Your task | Below are records; reproduce exactly the lines from the first through the one containing "real) \<Rightarrow> (nat \<Rightarrow> real) \<Rightarrow> (nat".

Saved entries
▶
text \<open>Vectors in R^d are represented as functions nat => real, only coordinates j < d matter.
  A dataset x_1..x_n is a function x :: nat => (nat => real), indices i < n (0-based).\<close>

definition ip :: "nat \<Rightarrow> (nat \<Rightarrow> real) \<Rightarrow> (nat \<Rightarrow> real) \<Rightarrow> real" where
  "ip d u v = (\<Sum>j<d. u j * v j)"

definition vnorm :: "nat \<Rightarrow> (nat \<Rightarrow> real) \<Rightarrow> real" where
  "vnorm d u = sqrt (ip d u u)"

definition logloss :: "nat \<Rightarrow> nat \<Rightarrow> (nat \<Rightarrow> nat \<Rightarrow> real) \<Rightarrow> (nat \<Rightarrow> real) \<Rightarrow> real" where
  "logloss d n x w = (1 / real n) * (\<Sum>i<n. ln (1 + exp (- ip d w (x i))))"

definition loss_grad :: "nat \<Rightarrow> nat \<Rightarrow> (nat \<Rightarrow> nat \<Rightarrow> real) \<Rightarrow> (nat \<Rightarrow> real) \<Rightarrow> (nat \<Rightarrow> real)" where
  "loss_grad d n x w = (\<lambda>j. if j < d then
      (1 / real n) * (\<Sum>i<n. - x i j / (1 + exp (ip d w (x i)))) else 0)"

fun gd :: "nat \<Rightarrow> nat \<Rightarrow> (nat \<Rightarrow> nat \<Rightarrow> real) \<Rightarrow> real \<Rightarrow> nat \<Rightarrow> (nat \<Rightarrow> real)" where
  "gd d n x \<eta> 0 = (\<lambda>j. 0)"
| "gd d n x \<eta> (Suc t) = (\<lambda>j. gd d n x \<eta> t j - \<eta> * loss_grad d n x (gd d n x \<eta> t) j)"

text \<open>Linear separability with all labels +1.\<close>
definition lin_sep :: "nat \<Rightarrow> nat \<Rightarrow> (nat \<Rightarrow> nat \<Rightarrow> real) \<Rightarrow> bool" where
  "lin_sep d n x = (\<exists>w. \<forall>i<n. ip d w (x i) > 0)"

definition max_margin :: "nat \<Rightarrow> nat \<Rightarrow> (nat \<Rightarrow> nat \<Rightarrow> real) \<Rightarrow> real" where
  "max_margin d n x = (SUP w\<in>{w. vnorm d w = 1}. Min ((\<lambda>i. ip d w (x i)) ` {..<n}))"

end

theory Submission
  imports Defs
begin

text \<open>
  Both hard datasets are two clusters in the plane, \<open>m\<close> copies of \<open>a = (\<gamma>, \<alpha>)\<close> and \<open>n - m\<close>
  copies of \<open>b = (\<gamma>, -\<beta>)\<close> with \<open>\<alpha>, \<beta> > 0\<close>; their maximum margin is \<open>\<gamma>\<close>, attained at \<open>e\<^sub>1\<close>.
  Gradient descent from \<open>0\<close> stays in the span of the data,
  \<open>w\<^sub>t = \<eta> (m/n A\<^sub>t a + (n-m)/n B\<^sub>t b)\<close>, where \<open>A\<^sub>t, B\<^sub>t \<le> t\<close> accumulate the logistic weights
  of the two clusters, and \<open>F(w\<^sub>t) \<le> 1/(8\<eta>) \<le> 1/(8n)\<close> forces every margin to be positive.

  If \<open>n\<gamma> \<ge> 1\<close>, take one outlier \<open>b = (\<gamma>, -\<gamma>)\<close> against \<open>n - 1\<close> copies of \<open>a = (\<gamma>, 1/2)\<close>:
  the outlier's margin is \<open>\<eta>/n ((n-1) A\<^sub>t (\<gamma>\<^sup>2 - \<gamma>/2) + 2\<gamma>\<^sup>2 B\<^sub>t)\<close>, which stays negative until
  \<open>t \<ge> B\<^sub>t\<close> is of order \<open>n/\<gamma>\<close>.

  If \<open>n\<gamma> < 1\<close>, take balanced clusters with \<open>m\<alpha> = n/4\<close> and \<open>(n-m)\<beta> = n/8\<close>. The margins
  become \<open>\<eta>(\<gamma>\<^sup>2 W\<^sub>t + \<alpha> U\<^sub>t)\<close> and \<open>\<eta>(\<gamma>\<^sup>2 W\<^sub>t - \<beta> U\<^sub>t)\<close> with \<open>0 \<le> W\<^sub>t \<le> t\<close> and the imbalance
  \<open>U\<^sub>t = A\<^sub>t/4 - B\<^sub>t/8\<close>. While \<open>\<gamma>\<^sup>2 t \<le> 1/256\<close> the sign of \<open>U\<^sub>t\<close> decides which cluster is
  misclassified; that cluster gets logistic weight almost 1 and the other almost 0 (here
  \<open>\<eta> \<ge> 32/\<gamma>\<^sup>2\<close> is used), so \<open>U\<^sub>t\<close> moves by about \<open>+1/4\<close> or \<open>-1/8\<close> and stays near an odd
  multiple of \<open>1/16\<close>, never near \<open>0\<close>. Hence some margin is negative until \<open>t > 1/(256\<gamma>\<^sup>2)\<close>.
\<close>

text \<open>\<open>-\<ell>'(z)\<close> for the logistic loss \<open>\<ell>(z) = ln (1 + exp (-z))\<close>.\<close>
definition logistic_weight :: "real \<Rightarrow> real" where
  "logistic_weight z = 1 / (1 + exp z)"

lemma logistic_weight_pos: "0 < logistic_weight z"
  unfolding logistic_weight_def by (simp add: add_pos_pos)

lemma logistic_weight_le_one: "logistic_weight z \<le> 1"
  unfolding logistic_weight_def by (simp add: add_pos_pos)

lemma logistic_weight_zero [simp]: "logistic_weight 0 = 1/2"
  unfolding logistic_weight_def by simp

lemma one_minus_logistic_weight: "1 - logistic_weight z = logistic_weight (- z)"
proof -
  have "1 + exp z \<noteq> 0"
    by (metis add_pos_pos exp_gt_zero less_irrefl zero_less_one)
  then show ?thesis
    unfolding logistic_weight_def exp_minus by (simp add: field_simps)
qed

lemma logistic_weight_le_inverse:
  assumes "0 < K" "K \<le> z"
  shows "logistic_weight z \<le> 1 / K"
proof -
  have "K \<le> 1 + exp z"
    using exp_ge_add_one_self[of z] assms by linarith
  then show ?thesis
    unfolding logistic_weight_def using assms by (simp add: frac_le)
qed

definition cum_weight ::
    "nat \<Rightarrow> nat \<Rightarrow> (nat \<Rightarrow> nat \<Rightarrow> real) \<Rightarrow> real \<Rightarrow> (nat \<Rightarrow> real) \<Rightarrow> nat \<Rightarrow> real" where
  "cum_weight d n x \<eta> z t = (\<Sum>k<t. logistic_weight (ip d (gd d n x \<eta> k) z))"

lemma cum_weight_0 [simp]: "cum_weight d n x \<eta> z 0 = 0"
  by (simp add: cum_weight_def)

lemma cum_weight_Suc:
  "cum_weight d n x \<eta> z (Suc t) = cum_weight d n x \<eta> z t + logistic_weight (ip d (gd d n x \<eta> t) z)"
  by (simp add: cum_weight_def)

lemma cum_weight_nonneg: "0 \<le> cum_weight d n x \<eta> z t"
  unfolding cum_weight_def by (intro sum_nonneg) (simp add: logistic_weight_pos less_imp_le)

lemma cum_weight_le: "cum_weight d n x \<eta> z t \<le> t"
  using sum_mono[of "{..<t}" "\<lambda>k. logistic_weight (ip d (gd d n x \<eta> k) z)" "\<lambda>_. 1"]
  by (simp add: cum_weight_def logistic_weight_le_one)

lemma cum_weight_ge_half:
  assumes "1 \<le> t"
  shows "1/2 \<le> cum_weight d n x \<eta> z t"
proof -
  have "cum_weight d n x \<eta> z 1 \<le> cum_weight d n x \<eta> z t"
    unfolding cum_weight_def using assms
    by (intro sum_mono2) (auto simp: logistic_weight_pos less_imp_le)
  then show ?thesis
    by (simp add: cum_weight_def ip_def)
qed

lemma loss_grad_eq_weighted_sum:
  "j < d \<Longrightarrow>
    loss_grad d n x w j = - (1 / real n) * (\<Sum>i<n. logistic_weight (ip d w (x i)) * x i j)"
  by (simp add: loss_grad_def logistic_weight_def sum_negf)

lemma gd_eq_weighted_sum:
  "j < d \<Longrightarrow> gd d n x \<eta> t j = \<eta> / real n * (\<Sum>i<n. cum_weight d n x \<eta> (x i) t * x i j)"
proof (induction t)
  case 0
  then show ?case by simp
next
  case (Suc t)
  let ?w = "gd d n x \<eta> t"
  have "gd d n x \<eta> (Suc t) j = \<eta> / real n * (\<Sum>i<n. cum_weight d n x \<eta> (x i) t * x i j)
      + \<eta> / real n * (\<Sum>i<n. logistic_weight (ip d ?w (x i)) * x i j)"
    using Suc by (simp add: loss_grad_eq_weighted_sum)
  also have "\<dots> = \<eta> / real n * (\<Sum>i<n. cum_weight d n x \<eta> (x i) (Suc t) * x i j)"
    by (simp add: cum_weight_Suc sum.distrib ring_distribs)
  finally show ?case .
qed

lemma ip_gd_eq_weighted_sum:
  "ip d (gd d n x \<eta> t) z = \<eta> / real n * (\<Sum>i<n. cum_weight d n x \<eta> (x i) t * ip d (x i) z)"
proof -
  let ?C = "\<lambda>i. cum_weight d n x \<eta> (x i) t"
  have "ip d (gd d n x \<eta> t) z = \<eta> / real n * (\<Sum>j<d. \<Sum>i<n. ?C i * x i j * z j)"
    unfolding ip_def by (simp add: gd_eq_weighted_sum sum_distrib_left sum_distrib_right mult.assoc)
  also have "\<dots> = \<eta> / real n * (\<Sum>i<n. ?C i * ip d (x i) z)"
    unfolding ip_def by (subst sum.swap) (simp add: sum_distrib_left mult.assoc)
  finally show ?thesis .
qed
◀
Answer for this exercise |
text \<open>Vectors in R^d are represented as functions nat => real, only coordinates j < d matter.
  A dataset x_1..x_n is a function x :: nat => (nat => real), indices i < n (0-based).\<close>

definition ip :: "nat \<Rightarrow> (nat \<Rightarrow> real) \<Rightarrow> (nat \<Rightarrow> real) \<Rightarrow> real" where
  "ip d u v = (\<Sum>j<d. u j * v j)"

definition vnorm :: "nat \<Rightarrow> (nat \<Rightarrow> real) \<Rightarrow> real" where
  "vnorm d u = sqrt (ip d u u)"

definition logloss :: "nat \<Rightarrow> nat \<Rightarrow> (nat \<Rightarrow> nat \<Rightarrow> real) \<Rightarrow> (nat \<Rightarrow> real) \<Rightarrow> real" where
  "logloss d n x w = (1 / real n) * (\<Sum>i<n. ln (1 + exp (- ip d w (x i))))"

definition loss_grad :: "nat \<Rightarrow> nat \<Rightarrow> (nat \<Rightarrow> nat \<Rightarrow> real) \<Rightarrow> (nat \<Rightarrow> real) \<Rightarrow> (nat \<Rightarrow> real)" where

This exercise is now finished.